What you will do: Across the entries below, count the lines in which the word "close" occurs. Reply with the count alone.

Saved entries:
lemma join_walk_prefix_suffix:
  assumes "\<gamma> \<in> walks \<Omega> n" "t \<le> n"
  shows "join (walk_prefix t \<gamma>) (walk_suffix t \<gamma>) = \<gamma>"
proof -
  have "last (walk_prefix t \<gamma>) = \<gamma> ! t"
    using assms by (simp add: walk_prefix_def walks_iff take_Suc_conv_app_nth)
  moreover have "map (shift (\<gamma> ! t)) (tl (walk_suffix t \<gamma>)) = drop (Suc t) \<gamma>"
    by (simp add: walk_suffix_def map_tl comp_def drop_Suc tl_drop)
  ultimately show ?thesis
    by (simp add: join_def walk_prefix_def)
qed

lemma inj_on_join: "inj_on (\<lambda>(\<beta>, \<eta>). join \<beta> \<eta>) (walks \<Omega> j \<times> walks \<Omega> m)"
  by (rule inj_on_inverseI[of _ "\<lambda>\<gamma>. (walk_prefix j \<gamma>, walk_suffix j \<gamma>)"])
    (auto simp: walk_prefix_join walk_suffix_join)

section \<open>The polymer model\<close>

locale polymer_model =
  fixes d :: nat and \<Omega> :: "pt set" and \<rho> :: "pt \<Rightarrow> real" and \<phi> :: "nat \<Rightarrow> real"
  assumes d_pos: "1 \<le> d"
    and finite_steps: "finite \<Omega>" and steps_in_Zd: "\<And>v. v \<in> \<Omega> \<Longrightarrow> in_Zd d v"
    and origin_not_step: "origin \<notin> \<Omega>"
    and steps_symmetric: "\<And>g. sym_Zd d g \<Longrightarrow> g ` \<Omega> = \<Omega>"
    and phi_0: "\<phi> 0 = 0" and phi_1: "\<phi> 1 = 0"
    and phi_superadditive: "\<And>a b. \<phi> a + \<phi> b \<le> \<phi> (a + b)"
    and rho_nonneg: "\<And>v. v \<in> \<Omega> \<Longrightarrow> 0 \<le> \<rho> v" and rho_sum: "(\<Sum>v\<in>\<Omega>. \<rho> v) = 1"
    and rho_symmetric: "\<And>g v. sym_Zd d g \<Longrightarrow> v \<in> \<Omega> \<Longrightarrow> \<rho> (g v) = \<rho> v"
begin

lemma signed_permutation_step:
  assumes "bij_betw \<pi> {..<d} {..<d}" "\<forall>i. s i \<in> {1, -1::int}"
    and g: "\<And>i. i < d \<Longrightarrow> g v i = s i * v (\<pi> i)" "\<And>i. d \<le> i \<Longrightarrow> g v i = 0"
    and v: "v \<in> \<Omega>"
  shows "g v \<in> \<Omega> \<and> \<rho> (g v) = \<rho> v"
proof -
  define G where "G = (\<lambda>w i. if i < d then s i * w (\<pi> i) else 0)"
  have G: "sym_Zd d G"
    unfolding sym_Zd_def G_def using assms(1,2) by blast
  have "g v = G v"
    using g by (auto simp: G_def fun_eq_iff not_less)
  then show ?thesis
    using steps_symmetric[OF G] rho_symmetric[OF G v] v by auto
qed

lemma reflect_step: "v \<in> \<Omega> \<Longrightarrow> reflect v \<in> \<Omega> \<and> \<rho> (reflect v) = \<rho> v"
  using d_pos steps_in_Zd[of v]
  by (intro signed_permutation_step[of id "\<lambda>i. if i = 0 then -1 else 1"])
    (auto simp: reflect_def in_Zd_def)

lemma negate_step: "v \<in> \<Omega> \<Longrightarrow> negate v \<in> \<Omega> \<and> \<rho> (negate v) = \<rho> v"
  using steps_in_Zd[of v]
  by (intro signed_permutation_step[of id "\<lambda>i. -1"]) (auto simp: negate_def in_Zd_def)

lemma forward_step: "\<exists>e\<in>\<Omega>. 0 < xc e \<and> 0 < \<rho> e"
proof -
  obtain v where v: "v \<in> \<Omega>" "0 < \<rho> v"
  proof (rule ccontr)
    assume "\<not> thesis"
    then have "\<forall>v\<in>\<Omega>. \<rho> v = 0"
      using rho_nonneg that by force
    then show False
      using rho_sum by simp
  qed
  obtain j where j: "j < d" "v j \<noteq> 0"
  proof (rule ccontr)
    assume "\<not> thesis"
    then have "\<forall>i. v i = 0"
      using steps_in_Zd[OF v(1)] that unfolding in_Zd_def by (meson not_le)
    then have "v = origin"
      by (auto simp: origin_def)
    then show False
      using origin_not_step v(1) by simp
  qed
  define \<pi> where "\<pi> = (\<lambda>i::nat. if i = 0 then j else if i = j then 0 else i)"
  define s where "s = (\<lambda>i::nat. if i = 0 \<and> v j < 0 then -1 else (1::int))"
  define e where "e = (\<lambda>i. if i < d then s i * v (\<pi> i) else 0)"
  have "\<pi> \<circ> \<pi> = id" "\<pi> ` {..<d} \<subseteq> {..<d}"
    using j by (auto simp: \<pi>_def fun_eq_iff)
  then have "bij_betw \<pi> {..<d} {..<d}"
    by (intro bij_betw_byWitness[where f'=\<pi>]) (auto simp: fun_eq_iff)
  then have "e \<in> \<Omega> \<and> \<rho> e = \<rho> v"
    by (intro signed_permutation_step[of \<pi> s]) (auto simp: e_def s_def v(1))
  moreover have "0 < xc e"
    using d_pos j by (auto simp: e_def xc_def s_def \<pi>_def)
  ultimately show ?thesis
    using v(2) by auto
qed

lemma rho_le_1: "v \<in> \<Omega> \<Longrightarrow> \<rho> v \<le> 1"
  using member_le_sum[of v \<Omega> \<rho>] rho_nonneg rho_sum finite_steps by auto

lemma sigma_nonneg: "steps_in \<Omega> \<gamma> \<Longrightarrow> 0 \<le> sigma \<rho> \<phi> \<gamma>"
  using step_weight_nonneg[of \<Omega> \<gamma> \<rho>] rho_nonneg visit_weight_pos[of \<phi> \<gamma>] by (simp add: sigma_eq)

lemma sigma_walk_nonneg: "\<gamma> \<in> walks \<Omega> n \<Longrightarrow> 0 \<le> sigma \<rho> \<phi> \<gamma>"
  by (simp add: walks_iff sigma_nonneg)

lemma sigma_append_le:
  assumes "xs \<noteq> []" "ys \<noteq> []" "steps_in \<Omega> (xs @ ys)"
  shows "sigma \<rho> \<phi> (xs @ ys) \<le> sigma \<rho> \<phi> xs * \<rho> (step (last xs) (hd ys)) * sigma \<rho> \<phi> ys"
proof -
  let ?s = "step_weight \<rho> xs * \<rho> (step (last xs) (hd ys)) * step_weight \<rho> ys"
  have "0 \<le> ?s"
    using assms step_weight_nonneg[of \<Omega> _ \<rho>] rho_nonneg
    by (auto simp: successively_append_iff intro!: mult_nonneg_nonneg)
  then have "visit_weight \<phi> (xs @ ys) * ?s \<le> (visit_weight \<phi> xs * visit_weight \<phi> ys) * ?s"
    using visit_weight_append_le[of \<phi>, OF phi_0 phi_superadditive]
    by (rule mult_right_mono[rotated])
  then show ?thesis
    using assms by (simp add: sigma_eq step_weight_append algebra_simps)
qed

lemma sigma_append_disjoint:
  assumes "xs \<noteq> []" "ys \<noteq> []" "set xs \<inter> set ys = {}"
  shows "sigma \<rho> \<phi> (xs @ ys) = sigma \<rho> \<phi> xs * \<rho> (step (last xs) (hd ys)) * sigma \<rho> \<phi> ys"
  using assms
  by (simp add: sigma_eq step_weight_append visit_weight_append_disjoint[of \<phi>, OF phi_0])

lemma sigma_Cons_notin:
  assumes "xs \<noteq> []" "a \<notin> set xs"
  shows "sigma \<rho> \<phi> (a # xs) = \<rho> (step a (hd xs)) * sigma \<rho> \<phi> xs"
  using sigma_append_disjoint[of "[a]" xs] assms
  by (simp add: sigma_eq visit_weight_singleton[of \<phi>, OF phi_1])

lemma sigma_shift:
  "steps_in \<Omega> \<gamma> \<Longrightarrow> sigma \<rho> \<phi> (map (shift c) \<gamma>) = sigma \<rho> \<phi> \<gamma>"
  "steps_in \<Omega> \<gamma> \<Longrightarrow> sigma \<rho> \<phi> (map (step c) \<gamma>) = sigma \<rho> \<phi> \<gamma>"
  by (rule sigma_map[of \<Omega> id], auto simp: inj_shift inj_step)+

definition weight :: "pt list set \<Rightarrow> real" where
  "weight A = (\<Sum>\<gamma>\<in>A. sigma \<rho> \<phi> \<gamma>)"

abbreviation Z :: "nat \<Rightarrow> real" where
  "Z n \<equiv> Zn \<Omega> \<rho> \<phi> n"

lemma Z_eq_weight: "Z n = weight (walks \<Omega> n)"
  by (simp add: Zn_def weight_def)

lemma weight_nonneg: "(\<And>\<gamma>. \<gamma> \<in> A \<Longrightarrow> steps_in \<Omega> \<gamma>) \<Longrightarrow> 0 \<le> weight A"
  unfolding weight_def by (intro sum_nonneg sigma_nonneg)

lemma weight_mono:
  "finite B \<Longrightarrow> A \<subseteq> B \<Longrightarrow> (\<And>\<gamma>. \<gamma> \<in> B \<Longrightarrow> steps_in \<Omega> \<gamma>) \<Longrightarrow> weight A \<le> weight B"
  unfolding weight_def by (intro sum_mono2) (auto intro: sigma_nonneg)

lemma weight_walks_subset:
  "A \<subseteq> walks \<Omega> n \<Longrightarrow> weight A \<le> Z n"
  unfolding Z_eq_weight by (intro weight_mono finite_walks[OF finite_steps]) (auto simp: walks_iff)

definition straight_walk :: "pt \<Rightarrow> nat \<Rightarrow> pt list" where
  "straight_walk e n = map (\<lambda>k i. int k * e i) [0..<Suc n]"

lemma straight_walk:
  assumes e: "e \<in> \<Omega>" "0 < xc e"
  shows "straight_walk e n \<in> walks \<Omega> n" and "sigma \<rho> \<phi> (straight_walk e n) = \<rho> e ^ n"
proof -
  have step_e: "step (\<lambda>i. int k * e i) (\<lambda>i. (1 + int k) * e i) = e" for k
    by (auto simp: step_def algebra_simps)
  have "steps_in \<Omega> (straight_walk e n) \<and> step_weight \<rho> (straight_walk e n) = \<rho> e ^ n"
  proof (induction n)
    case (Suc n)
    have "straight_walk e (Suc n) = straight_walk e n @ [\<lambda>i. int (Suc n) * e i]"
      and "last (straight_walk e n) = (\<lambda>i. int n * e i)" "straight_walk e n \<noteq> []"
      by (simp_all add: straight_walk_def)
    then show ?case
      using Suc e by (simp add: successively_append_iff step_weight_append step_e)
  qed (simp add: straight_walk_def)
  moreover have "hd (straight_walk e n) = origin"
    by (simp add: straight_walk_def origin_def hd_map upt_conv_Cons del: upt_Suc)
  ultimately show "straight_walk e n \<in> walks \<Omega> n"
    by (simp add: walks_iff straight_walk_def)
  have "inj_on (\<lambda>k i. int k * e i) {0..<Suc n}"
    using e(2) by (intro inj_onI) (metis xc_def mult_cancel_right of_nat_eq_iff less_irrefl)
  then have "distinct (straight_walk e n)"
    by (simp add: straight_walk_def distinct_map del: upt_Suc)
  then show "sigma \<rho> \<phi> (straight_walk e n) = \<rho> e ^ n"
    using \<open>steps_in \<Omega> (straight_walk e n) \<and> _\<close>
    by (simp add: sigma_eq visit_weight_distinct[of \<phi>, OF phi_1])
qed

Result of the exercise: 2